The Full Disclosure mailing list is back on track, with Nmap’s Gordon “Fyodor” Lyon picking up the mantle put down by John Cartwright.
“Upon hearing the bad news, I immediately wrote to John offering help. He said he was through with the list, but suggested: ‘You don’t need me. If you want to start a replacement, go for it,'” he explained how the transition happened.
And, after some soul searching, he did.
“Some have argued that we no longer need a Full Disclosure list, or even that mailing lists as a concept are obsolete. They say researchers should just Tweet out links to advisories that can be hosted on Pastebin or company sites. I disagree,” he noted in the post announcing his “takeover”. “Mailing lists create a much more permanent record and their decentralized nature makes them harder to censor or quietly alter in the future.”
“I’m already quite familiar with handling legal threats and removal demands (usually by ignoring them) since I run Seclists.org, which has long been the most popular archive for Full Disclosure and many other great security lists. I already maintain mail servers and Mailman software because I run various other large lists including Nmap Dev and Nmap Announce,” he explained.

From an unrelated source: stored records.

definition seq_span :: "('a, 'b) monoid_scheme \<Rightarrow> (nat \<Rightarrow> 'a) \<Rightarrow> nat \<Rightarrow> 'a set" where
  "seq_span G s i = range (\<lambda>c. \<Otimes>\<^bsub>G\<^esub>j\<in>{..<i}. s j [^]\<^bsub>G\<^esub> (c j :: int))"

lemma (in comm_group) one_in_seq_span_0: "\<one> \<in> seq_span G s 0"
  by (simp add: seq_span_def)

lemma (in comm_group) mult_pow_in_seq_span_Suc:
  assumes "\<And>j. s j \<in> carrier G" "x \<in> seq_span G s i"
  shows "x \<otimes> s i [^] (k::int) \<in> seq_span G s (Suc i)"
proof -
  obtain c where x: "x = (\<Otimes>j\<in>{..<i}. s j [^] (c j :: int))"
    using assms(2) unfolding seq_span_def by blast
  have "x \<otimes> s i [^] k = (\<Otimes>j\<in>{..<Suc i}. s j [^] (c(i := k)) j)"
    unfolding x by (rule finprod_lessThan_Suc_fun_upd[OF assms(1)])
  then show ?thesis unfolding seq_span_def by blast
qed

lemma (in comm_group) ab_independent_seq_pow_in_span:
  fixes s :: "nat \<Rightarrow> 'a"
  assumes ind: "ab_independent G S" and inj: "inj s" and sS: "range s \<subseteq> S"
    and span: "s i [^] (k::int) \<in> seq_span G s i"
  shows "k = 0"
proof -
  have s: "s j \<in> carrier G" for j using ind sS unfolding ab_independent_def by blast
  obtain c where eq: "s i [^] k = (\<Otimes>j\<in>{..<i}. s j [^] (c j :: int))"
    using span unfolding seq_span_def by blast
  define c' where "c' = c(i := - k)"
  have "(\<Otimes>j\<in>{..<Suc i}. s j [^] c' j) = s i [^] k \<otimes> s i [^] (- k)"
    unfolding c'_def eq by (rule finprod_lessThan_Suc_fun_upd[OF s, symmetric])
  also have "\<dots> = \<one>" using s by (simp add: int_pow_neg)
  finally have rel: "(\<Otimes>j\<in>{..<Suc i}. s j [^] c' j) = \<one>" .
  define coeff where "coeff x = c' (inv_into UNIV s x)" for x
  have "(\<Otimes>x\<in>s ` {..<Suc i}. x [^] coeff x) = (\<Otimes>j\<in>{..<Suc i}. s j [^] coeff (s j))"
    by (rule finprod_reindex) (use inj s in \<open>auto simp: inj_on_def\<close>)
  also have "\<dots> = (\<Otimes>j\<in>{..<Suc i}. s j [^] c' j)"
    by (simp add: coeff_def inv_into_f_f[OF inj])
  finally have "(\<Otimes>x\<in>s ` {..<Suc i}. x [^] coeff x) = \<one>" using rel by simp
  then have "coeff (s i) = 0" using sS by (intro ab_independentD[OF ind]) auto
  then show ?thesis by (simp add: coeff_def c'_def inv_into_f_f[OF inj])
qed

context two_comm_groups
begin

lemma adjoin_independent_seq:
  fixes s :: "nat \<Rightarrow> 'a"
  assumes ind: "ab_independent G S" and inj: "inj s" and sS: "range s \<subseteq> S"
    and R: "partial_hom G H R" and span: "Domain R \<subseteq> seq_span G s i" and e: "e \<in> carrier H"
  shows "partial_hom G H (adjoin G H R (s i) e) \<and> Domain (adjoin G H R (s i) e) \<subseteq> seq_span G s (Suc i)"
proof
  have s: "s j \<in> carrier G" for j using ind sS unfolding ab_independent_def by blast
  have "(s i [^]\<^bsub>G\<^esub> k, e [^]\<^bsub>H\<^esub> k) \<in> R" if "s i [^]\<^bsub>G\<^esub> (k::int) \<in> Domain R" for k
  proof -
    have "k = 0" using that span by (intro G.ab_independent_seq_pow_in_span[OF ind inj sS]) blast
    then show ?thesis using partial_hom_one[OF R] by simp
  qed
  then show "partial_hom G H (adjoin G H R (s i) e)" by (rule partial_hom_adjoin[OF R s e])
  show "Domain (adjoin G H R (s i) e) \<subseteq> seq_span G s (Suc i)"
    unfolding Domain_adjoin using span by (auto intro: G.mult_pow_in_seq_span_Suc[OF s])
qed

lemma independent_seq_partial_hom:
  fixes s :: "nat \<Rightarrow> 'a" and d :: "nat \<Rightarrow> 'c"
  assumes ind: "ab_independent G S" and inj: "inj s" and sS: "range s \<subseteq> S"
    and d: "\<And>i. d i \<in> carrier H"
  shows "\<exists>R. partial_hom G H R \<and> (\<forall>i. (s i, d i) \<in> R)"
proof -
  have s: "s j \<in> carrier G" for j using ind sS unfolding ab_independent_def by blast
  define R where "R = rec_nat {(\<one>\<^bsub>G\<^esub>, \<one>\<^bsub>H\<^esub>)} (\<lambda>i Ri. adjoin G H Ri (s i) (d i))"
  have R_Suc: "R (Suc i) = adjoin G H (R i) (s i) (d i)" for i by (simp add: R_def)
  have R: "partial_hom G H (R i) \<and> Domain (R i) \<subseteq> seq_span G s i" for i
  proof (induction i)
    case 0
    have "partial_hom G H {(\<one>\<^bsub>G\<^esub>, \<one>\<^bsub>H\<^esub>)}" by (simp add: partial_hom_def)
    then show ?case using G.one_in_seq_span_0 by (simp add: R_def)
  next
    case (Suc i)
    then show ?case unfolding R_Suc by (intro adjoin_independent_seq[OF ind inj sS _ _ d]) auto
  qed
  have mono: "R i \<subseteq> R (Suc i)" for i
    unfolding R_Suc using R by (intro subset_adjoin s d) blast
  have "partial_hom G H (\<Union>(range R))"
  proof (rule partial_hom_Union)
    show "chain\<^sub>\<subseteq> (range R)"
      unfolding chain_subset_def using lift_Suc_mono_le[of R, OF mono] by (metis nat_le_linear rangeE)
  qed (use R in auto)
  moreover have "(s i, d i) \<in> \<Union>(range R)" for i
    using in_adjoin[OF conjunct1[OF R] s d] R_Suc by blast
  ultimately show ?thesis by blast
qed

end

theorem infinite_rank_imp_surj_hom_Zp_inf_sum:
  assumes G: "comm_group G" and p: "Factorial_Ring.prime p" and rank: "infinite_rank G"
  shows "\<exists>h\<in>hom G (Zp_inf_sum p). h ` carrier G = carrier (Zp_inf_sum p)"
proof -
  have p0: "p > 0" using p prime_gt_0_nat by blast
  interpret two_comm_groups G "Zp_inf_sum p"
    by (intro two_comm_groups.intro G comm_group_Zp_inf_sum p0)
  obtain S where S: "infinite S" "ab_independent G S" using rank unfolding infinite_rank_def by blast
  obtain s :: "nat \<Rightarrow> 'a" where inj: "inj s" and sS: "range s \<subseteq> S"
    using infinite_countable_subset[OF S(1)] by blast
  define d where "d = from_nat_into (carrier (Zp_inf_sum p))"
  have d: "range d = carrier (Zp_inf_sum p)"
    unfolding d_def using countable_carrier_Zp_inf_sum[OF p0] H.one_closed by (intro range_from_nat_into) auto
  obtain R where R: "partial_hom G (Zp_inf_sum p) R" and sd: "\<And>i. (s i, d i) \<in> R"
    using independent_seq_partial_hom[OF S(2) inj sS, of d] d by blast
  obtain h where h: "h \<in> hom G (Zp_inf_sum p)" and hR: "\<forall>(x, a)\<in>R. h x = a"
    using divisible_group_extend_partial_hom[OF divisible_Zp_inf_sum[OF p] R] by blast
  have "h (s i) = d i" for i using bspec[OF hR sd] by simp
  then have "carrier (Zp_inf_sum p) \<subseteq> h ` carrier G"
    using d partial_hom_in_carrier[OF R sd] by (metis image_eqI rangeE subsetI)
  moreover have "h ` carrier G \<subseteq> carrier (Zp_inf_sum p)" using h by (auto simp: hom_def)
  ultimately show ?thesis using h by blast
qed

section \<open>An epimorphism forces infinite rank\<close>

lemma hom_finprod:
  assumes G: "comm_group G" and H: "comm_group H" and h: "h \<in> hom G H"
    and "finite A" "f \<in> A \<rightarrow> carrier G"
  shows "h (finprod G f A) = finprod H (\<lambda>j. h (f j)) A"
  using assms(4,5)
proof (induction A rule: finite_induct)
  case empty
  then show ?case using hom_one[OF h] G H by (simp add: comm_group.axioms comm_monoid.finprod_empty)
next
  case (insert a A)
  interpret G: comm_group G by (rule G)
  interpret H: comm_group H by (rule H)
  have "f a \<in> carrier G" "f \<in> A \<rightarrow> carrier G" using insert.prems by auto
  moreover have "(\<lambda>j. h (f j)) \<in> insert a A \<rightarrow> carrier H" using insert.prems h by (auto simp: hom_def)
  ultimately show ?case using insert h by (simp add: hom_mult)
qed

lemma torsion_freeD:
  "torsion_free G \<Longrightarrow> x \<in> carrier G \<Longrightarrow> n > 0 \<Longrightarrow> x [^]\<^bsub>G\<^esub> (n::nat) = \<one>\<^bsub>G\<^esub> \<Longrightarrow> x = \<one>\<^bsub>G\<^esub>"
  unfolding torsion_free_def by blast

Previous members of the mailing list are asked to subscribe again, and new are welcome, as the list starts afresh.
“The new list must be run by and for the security community in a vendor-neutral fashion. It will be lightly moderated like the old list, and a volunteer moderation team will be chosen from the active users. As before, this will be a public forum for detailed discussion of vulnerabilities and exploitation techniques, as well as tools, papers, news, and events of interest to the community.” Fyodor clarified.
He also added that vendor legal intimidation and censorship attempts won’t be tolerated.